---- MATERIAL PROVIDED

(* For $1\le j\le m$ and $a,b\in(\mathbb{Z}_n)^m$, put $\Gamma^j_{\chi_a}:=\chi_a\cdot\Gamma^j$. Then in $M_q(\mathfrak{g})$: - $\Delta(\Gamma^j_{\chi_a})=\chi_{a+\epsilon_j}\otimes\Gamma^j_{\chi_a}+\Gamma^j_{\chi_a}\otimes\chi_a$; - $\chi_a\cdot\Gamma^j_{\chi_b}=\prod_{i=1}^m\mathfrak{q}^{-c_{ij}a_i\lfloor\frac{b_j+1}{n}\rfloor}\Gamma^j_{\chi_{a+b}}$; - $\Gamma^j_{\chi_b}\cdot\chi_a=\prod_{i=1}^mq^{c_{ji}a_i}\Gamma^j_{\chi_{a+b}}$. Here $a+b$ is taken in $(\mathbb{Z}_n)^m$.
   Context: Notation and setting. $\mathbb{k}$ is an algebraically closed field of characteristic $0$. $(a_{ij})$ is an $m\times m$ Cartan matrix of finite type, and $d_i\in\{1,2,3\}$ are such that $c_{ij}=d_ia_{ij}$ is symmetric. $n\ge2$, $q$ is a primitive $n^2$-th root of unity in $\mathbb{k}$, $\mathfrak{q}=q^n$, and $l_i=\mathrm{ord}(q^{c_{ii}})$. $\lfloor\cdot\rfloor$ is the floor function, and elements of $(\mathbb{Z}_n)^m$ have entries in $\{0,\dots,n-1\}$; $\epsilon_j$ is the $j$-th standard vector. $A_q(\mathfrak{g})$ is the half small quasi-quantum group: the subalgebra generated by $h_i=g_i^n$ and $e_i$ of the Hopf algebra $H$ generated by commuting grouplikes $g_i$ ($g_i^{n^2}=1$) and $e_i$ with $g_ie_jg_i^{-1}=q^{\delta_{ij}}e_j$, $e_i^{l_i}=0$, the quantum Serre relations, and $\Delta(e_i)=e_i\otimes\prod_jg_j^{c_{ij}}+1\otimes e_i$, with quasi-Hopf structure inherited from a twist of $H$. Let $1_a$ be the idempotents of $\mathbb{k}\langle h_i\rangle$ with $1_ah_i=\mathfrak{q}^{a_i}1_a$, $1^i_k=\frac1n\sum_j\mathfrak{q}^{-kj}h_i^j$, $b_i=\sum_a\prod_jq^{-c_{ij}a_j}1_a$, and $H_i=\prod_jh_j^{c_{ij}}$. Its structure is: - $\Delta(h_i)=h_i\otimes h_i$; - $\Delta(e_i)=e_i\otimes b_i^{-1}+1\otimes\sum_{j=1}^{n-1}1^i_je_i+H_i^{-1}\otimes1^i_0e_i$; - $\phi=\sum_{a,b,c}\prod_{i,j}\mathfrak{q}^{-c_{ij}a_i\lfloor\frac{b_j+c_j}{n}\rfloor}1_a\otimes1_b\otimes1_c$. $M_q(\mathfrak{g})=A_q(\mathfrak{g})^*$ is the dual Majid algebra: - its coproduct is dual to the product of $A_q(\mathfrak{g})$; - its product is $(f\cdot g)(x)=\sum f(x_{(1)})g(x_{(2)})$; - its reassociator is $\Phi=\phi$ viewed as a functional, so $\Phi(\chi_a,\chi_b,\chi_c)=\prod_{s,t}\mathfrak{q}^{-c_{st}a_s\lfloor\frac{b_t+c_t}{n}\rfloor}$. $\chi_a$ ($a\in(\mathbb{Z}_n)^m$) is the algebra character of $A_q(\mathfrak{g})$ with $\chi_a(h_j)=\mathfrak{q}^{a_j}$ and $\chi_a(e_j)=0$; these are the grouplikes of $M_q(\mathfrak{g})$ and $\chi_a\chi_b=\chi_{a+b}$; set $\chi_i=\chi_{\epsilon_i}$. Fix a homogeneous basis of $A_q(\mathfrak{g})$ ($\deg h_i=0$, $\deg e_i=1$) containing all $1_a$ and $1_ae_i$, and let $\Gamma^i=(1_{\epsilon_i}e_i)^*$ be the corresponding dual basis element. *)

theory Defs
  imports Main "HOL-Computational_Algebra.Polynomial"
begin

text \<open>Indices are 0-based: i ranges over {..<m}. A Cartan matrix is cA :: nat => nat => int,
  the symmetrizer is d :: nat => nat, and c_ij = d_i a_ij.\<close>

definition cartan_finite_type :: "nat \<Rightarrow> (nat \<Rightarrow> nat \<Rightarrow> int) \<Rightarrow> (nat \<Rightarrow> nat) \<Rightarrow> bool" where
  "cartan_finite_type m cA d \<longleftrightarrow>
     (\<forall>i<m. cA i i = 2) \<and>
     (\<forall>i<m. \<forall>j<m. i \<noteq> j \<longrightarrow> cA i j \<le> 0) \<and>
     (\<forall>i<m. \<forall>j<m. cA i j = 0 \<longleftrightarrow> cA j i = 0) \<and>
     (\<forall>i<m. d i \<in> {1,2,3}) \<and>
     (\<forall>i<m. \<forall>j<m. int (d i) * cA i j = int (d j) * cA j i) \<and>
     (\<forall>x :: nat \<Rightarrow> real. (\<exists>i<m. x i \<noteq> 0) \<longrightarrow>
        0 < (\<Sum>i<m. \<Sum>j<m. x i * real_of_int (int (d i) * cA i j) * x j))"

definition cc :: "(nat \<Rightarrow> nat \<Rightarrow> int) \<Rightarrow> (nat \<Rightarrow> nat) \<Rightarrow> nat \<Rightarrow> nat \<Rightarrow> int" where
  "cc cA d i j = int (d i) * cA i j"

definition primitive_root :: "'k::field \<Rightarrow> nat \<Rightarrow> bool" where
  "primitive_root q N \<longleftrightarrow> q ^ N = 1 \<and> (\<forall>k. 0 < k \<and> k < N \<longrightarrow> q ^ k \<noteq> 1)"

text \<open>(Z_n)^m: vectors with entries in {0..n-1} (and 0 outside the index range).\<close>
definition Zn :: "nat \<Rightarrow> nat \<Rightarrow> (nat \<Rightarrow> nat) set" where
  "Zn m n = {a. (\<forall>i<m. a i < n) \<and> (\<forall>i. m \<le> i \<longrightarrow> a i = 0)}"

definition vadd :: "nat \<Rightarrow> nat \<Rightarrow> (nat \<Rightarrow> nat) \<Rightarrow> (nat \<Rightarrow> nat) \<Rightarrow> (nat \<Rightarrow> nat)" where
  "vadd m n a b = (\<lambda>i. if i < m then (a i + b i) mod n else 0)"

definition eps :: "nat \<Rightarrow> nat \<Rightarrow> nat" where
  "eps j = (\<lambda>i. if i = j then 1 else 0)"

text \<open>A is represented through a homogeneous basis indexed by a finite type 'b.
  Vectors of A (and functionals on A, i.e. elements of M = A^* ) are functions 'b => 'k;
  elements of A \<otimes> A (and of M \<otimes> M) are functions 'b \<times> 'b => 'k.
  mu x y z = coefficient of basis element z in the product x*y;
  dc x y z = coefficient of y \<otimes> z in Delta(x).\<close>

definition vec_of :: "'b \<Rightarrow> 'b \<Rightarrow> 'k::field" where
  "vec_of x = (\<lambda>y. if y = x then 1 else 0)"

definition mulv :: "('b::finite \<Rightarrow> 'b \<Rightarrow> 'b \<Rightarrow> 'k::field) \<Rightarrow> ('b \<Rightarrow> 'k) \<Rightarrow> ('b \<Rightarrow> 'k) \<Rightarrow> 'b \<Rightarrow> 'k" where
  "mulv mu v w = (\<lambda>z. \<Sum>x\<in>UNIV. \<Sum>y\<in>UNIV. v x * w y * mu x y z)"

definition smulv :: "'k::field \<Rightarrow> ('b \<Rightarrow> 'k) \<Rightarrow> 'b \<Rightarrow> 'k" where
  "smulv c v = (\<lambda>x. c * v x)"

definition powv :: "('b::finite \<Rightarrow> 'b \<Rightarrow> 'b \<Rightarrow> 'k::field) \<Rightarrow> ('b \<Rightarrow> 'k) \<Rightarrow> ('b \<Rightarrow> 'k) \<Rightarrow> nat \<Rightarrow> 'b \<Rightarrow> 'k" where
  "powv mu one v k = ((mulv mu v) ^^ k) one"

definition tens :: "('b \<Rightarrow> 'k::field) \<Rightarrow> ('b \<Rightarrow> 'k) \<Rightarrow> 'b \<times> 'b \<Rightarrow> 'k" where
  "tens v w = (\<lambda>(y, z). v y * w z)"

definition tmul :: "('b::finite \<Rightarrow> 'b \<Rightarrow> 'b \<Rightarrow> 'k::field) \<Rightarrow> ('b \<times> 'b \<Rightarrow> 'k) \<Rightarrow> ('b \<times> 'b \<Rightarrow> 'k) \<Rightarrow> 'b \<times> 'b \<Rightarrow> 'k" where
  "tmul mu T S = (\<lambda>(z, w). \<Sum>x\<in>UNIV. \<Sum>y\<in>UNIV. \<Sum>x'\<in>UNIV. \<Sum>y'\<in>UNIV.
      T (x, y) * S (x', y') * mu x x' z * mu y y' w)"

definition Dlv :: "('b::finite \<Rightarrow> 'b \<Rightarrow> 'b \<Rightarrow> 'k::field) \<Rightarrow> ('b \<Rightarrow> 'k) \<Rightarrow> 'b \<times> 'b \<Rightarrow> 'k" where
  "Dlv dc v = (\<lambda>(y, z). \<Sum>x\<in>UNIV. v x * dc x y z)"

definition onev :: "nat \<Rightarrow> nat \<Rightarrow> ((nat \<Rightarrow> nat) \<Rightarrow> 'b) \<Rightarrow> 'b \<Rightarrow> 'k::field" where
  "onev m n I = (\<lambda>z. \<Sum>a\<in>Zn m n. vec_of (I a) z)"

definition idem1 :: "('b::finite \<Rightarrow> 'b \<Rightarrow> 'b \<Rightarrow> 'k::field) \<Rightarrow> nat \<Rightarrow> nat \<Rightarrow> ((nat \<Rightarrow> nat) \<Rightarrow> 'b)
     \<Rightarrow> 'k \<Rightarrow> (nat \<Rightarrow> 'b \<Rightarrow> 'k) \<Rightarrow> nat \<Rightarrow> nat \<Rightarrow> 'b \<Rightarrow> 'k" where
  "idem1 mu m n I q hv i k = (\<lambda>x. (1 / of_nat n) *
      (\<Sum>j<n. (q ^ n) powi (- (int k * int j)) * powv mu (onev m n I) (hv i) j x))"

text \<open>b_i^{-1} = sum_a prod_j q^(c_ij a_j) 1_a  (the inverse of b_i = sum_a prod_j q^(-c_ij a_j) 1_a).\<close>
definition binv :: "nat \<Rightarrow> nat \<Rightarrow> (nat \<Rightarrow> nat \<Rightarrow> int) \<Rightarrow> (nat \<Rightarrow> nat) \<Rightarrow> 'k::field
     \<Rightarrow> ((nat \<Rightarrow> nat) \<Rightarrow> 'b) \<Rightarrow> nat \<Rightarrow> 'b \<Rightarrow> 'k" where
  "binv m n cA d q I i = (\<lambda>x. \<Sum>a\<in>Zn m n. (\<Prod>j<m. q powi (cc cA d i j * int (a j))) * vec_of (I a) x)"

text \<open>H_i^{-1} = prod_j h_j^(-c_ij); since h_j^n = 1 the exponent is taken mod n.\<close>
definition Hinv :: "('b::finite \<Rightarrow> 'b \<Rightarrow> 'b \<Rightarrow> 'k::field) \<Rightarrow> nat \<Rightarrow> nat \<Rightarrow> (nat \<Rightarrow> nat \<Rightarrow> int) \<Rightarrow> (nat \<Rightarrow> nat)
     \<Rightarrow> ((nat \<Rightarrow> nat) \<Rightarrow> 'b) \<Rightarrow> (nat \<Rightarrow> 'b \<Rightarrow> 'k) \<Rightarrow> nat \<Rightarrow> 'b \<Rightarrow> 'k" where
  "Hinv mu m n cA d I hv i =
     foldr (mulv mu) (map (\<lambda>j. powv mu (onev m n I) (hv j) (nat ((- cc cA d i j) mod int n))) [0..<m])
       (onev m n I)"

text \<open>The structure of A_q(g) used in the paper, expressed in the chosen homogeneous basis:
  deg = degree of basis elements (deg h_i = 0, deg e_i = 1); I a = 1_a; E a i = 1_a e_i;
  hv i = h_i; ev i = e_i.\<close>
definition Aq_model ::
  "nat \<Rightarrow> nat \<Rightarrow> (nat \<Rightarrow> nat \<Rightarrow> int) \<Rightarrow> (nat \<Rightarrow> nat) \<Rightarrow> 'k::field \<Rightarrow>
   ('b::finite \<Rightarrow> nat) \<Rightarrow> ('b \<Rightarrow> 'b \<Rightarrow> 'b \<Rightarrow> 'k) \<Rightarrow> ('b \<Rightarrow> 'b \<Rightarrow> 'b \<Rightarrow> 'k) \<Rightarrow>
   ((nat \<Rightarrow> nat) \<Rightarrow> 'b) \<Rightarrow> ((nat \<Rightarrow> nat) \<Rightarrow> nat \<Rightarrow> 'b) \<Rightarrow>
   (nat \<Rightarrow> 'b \<Rightarrow> 'k) \<Rightarrow> (nat \<Rightarrow> 'b \<Rightarrow> 'k) \<Rightarrow> bool" where
  "Aq_model m n cA d q deg mu dc I E hv ev \<longleftrightarrow>
    (let Z = Zn m n; one = onev m n I; mul = mulv mu; qq = q ^ n in
     \<comment> \<open>the basis contains all 1_a and 1_a e_i, pairwise distinct\<close>
     inj_on I Z \<and> inj_on (\<lambda>(a, i). E a i) (Z \<times> {..<m}) \<and>
     (\<forall>a\<in>Z. \<forall>b\<in>Z. \<forall>i<m. I a \<noteq> E b i) \<and>
     \<comment> \<open>homogeneity: degree-0 part spanned by the 1_a, degree-1 part by the 1_a e_i\<close>
     {x. deg x = 0} = I ` Z \<and>
     {x. deg x = 1} = (\<lambda>(a, i). E a i) ` (Z \<times> {..<m}) \<and>
     \<comment> \<open>A is an associative unital graded algebra\<close>
     (\<forall>u v w. mul (mul u v) w = mul u (mul v w)) \<and>
     (\<forall>v. mul one v = v \<and> mul v one = v) \<and>
     (\<forall>x y z. mu x y z \<noteq> 0 \<longrightarrow> deg z = deg x + deg y) \<and>
     \<comment> \<open>the 1_a are orthogonal idempotents of k<h_i> with 1_a h_i = qq^(a_i) 1_a\<close>
     (\<forall>a\<in>Z. \<forall>b\<in>Z. mul (vec_of (I a)) (vec_of (I b)) = (if a = b then vec_of (I a) else (\<lambda>_. 0))) \<and>
     (\<forall>a\<in>Z. \<forall>i<m. mul (vec_of (I a)) (hv i) = smulv (qq ^ a i) (vec_of (I a))) \<and>
     \<comment> \<open>the basis elements 1_a e_i\<close>
     (\<forall>a\<in>Z. \<forall>i<m. vec_of (E a i) = mul (vec_of (I a)) (ev i)) \<and>
     \<comment> \<open>h_i e_j h_i^{-1} = qq^(delta_ij) e_j  (from g_i e_j g_i^{-1} = q^(delta_ij) e_j)\<close>
     (\<forall>i<m. \<forall>j<m. mul (hv i) (ev j) = smulv (qq ^ (if i = j then 1 else 0)) (mul (ev j) (hv i))) \<and>
     \<comment> \<open>the coproduct: graded unital algebra map with the given values on generators\<close>
     (\<forall>x y z. dc x y z \<noteq> 0 \<longrightarrow> deg y + deg z = deg x) \<and>
     (\<forall>v w. Dlv dc (mul v w) = tmul mu (Dlv dc v) (Dlv dc w)) \<and>
     Dlv dc one = tens one one \<and>
     (\<forall>i<m. Dlv dc (hv i) = tens (hv i) (hv i)) \<and>
     (\<forall>i<m. Dlv dc (ev i) =
        (\<lambda>p. tens (ev i) (binv m n cA d q I i) p
           + tens one (\<lambda>x. \<Sum>k\<in>{1..<n}. mul (idem1 mu m n I q hv i k) (ev i) x) p
           + tens (Hinv mu m n cA d I hv i) (mul (idem1 mu m n I q hv i 0) (ev i)) p)))"

definition Mprod :: "('b::finite \<Rightarrow> 'b \<Rightarrow> 'b \<Rightarrow> 'k::field) \<Rightarrow> ('b \<Rightarrow> 'k) \<Rightarrow> ('b \<Rightarrow> 'k) \<Rightarrow> 'b \<Rightarrow> 'k" where
  "Mprod dc f g = (\<lambda>x. \<Sum>y\<in>UNIV. \<Sum>z\<in>UNIV. dc x y z * f y * g z)"

definition MDelta :: "('b::finite \<Rightarrow> 'b \<Rightarrow> 'b \<Rightarrow> 'k::field) \<Rightarrow> ('b \<Rightarrow> 'k) \<Rightarrow> 'b \<times> 'b \<Rightarrow> 'k" where
  "MDelta mu f = (\<lambda>(y, z). \<Sum>x\<in>UNIV. mu y z x * f x)"

text \<open>chi_a: the algebra character with chi_a(h_j) = qq^(a_j), chi_a(e_j) = 0. In the basis it is
  the dual basis element 1_a^* (it is 1 on 1_a, 0 on 1_b for b \<noteq> a, and vanishes on the
  positive-degree part, which is the ideal generated by the e_j).\<close>
definition chi :: "((nat \<Rightarrow> nat) \<Rightarrow> 'b) \<Rightarrow> (nat \<Rightarrow> nat) \<Rightarrow> 'b \<Rightarrow> 'k::field" where
  "chi I a = vec_of (I a)"

definition Gam :: "((nat \<Rightarrow> nat) \<Rightarrow> nat \<Rightarrow> 'b) \<Rightarrow> nat \<Rightarrow> 'b \<Rightarrow> 'k::field" where
  "Gam E j = vec_of (E (eps j) j)"

definition GamChi :: "('b::finite \<Rightarrow> 'b \<Rightarrow> 'b \<Rightarrow> 'k::field) \<Rightarrow> ((nat \<Rightarrow> nat) \<Rightarrow> 'b)
    \<Rightarrow> ((nat \<Rightarrow> nat) \<Rightarrow> nat \<Rightarrow> 'b) \<Rightarrow> (nat \<Rightarrow> nat) \<Rightarrow> nat \<Rightarrow> 'b \<Rightarrow> 'k" where
  "GamChi dc I E a j = Mprod dc (chi I a) (Gam E j)"

end

theory Submission
  imports Defs
begin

--------

Search the data and copy each line containing "bool".

definition cartan_finite_type :: "nat \<Rightarrow> (nat \<Rightarrow> nat \<Rightarrow> int) \<Rightarrow> (nat \<Rightarrow> nat) \<Rightarrow> bool" where
definition primitive_root :: "'k::field \<Rightarrow> nat \<Rightarrow> bool" where
   (nat \<Rightarrow> 'b \<Rightarrow> 'k) \<Rightarrow> (nat \<Rightarrow> 'b \<Rightarrow> 'k) \<Rightarrow> bool" where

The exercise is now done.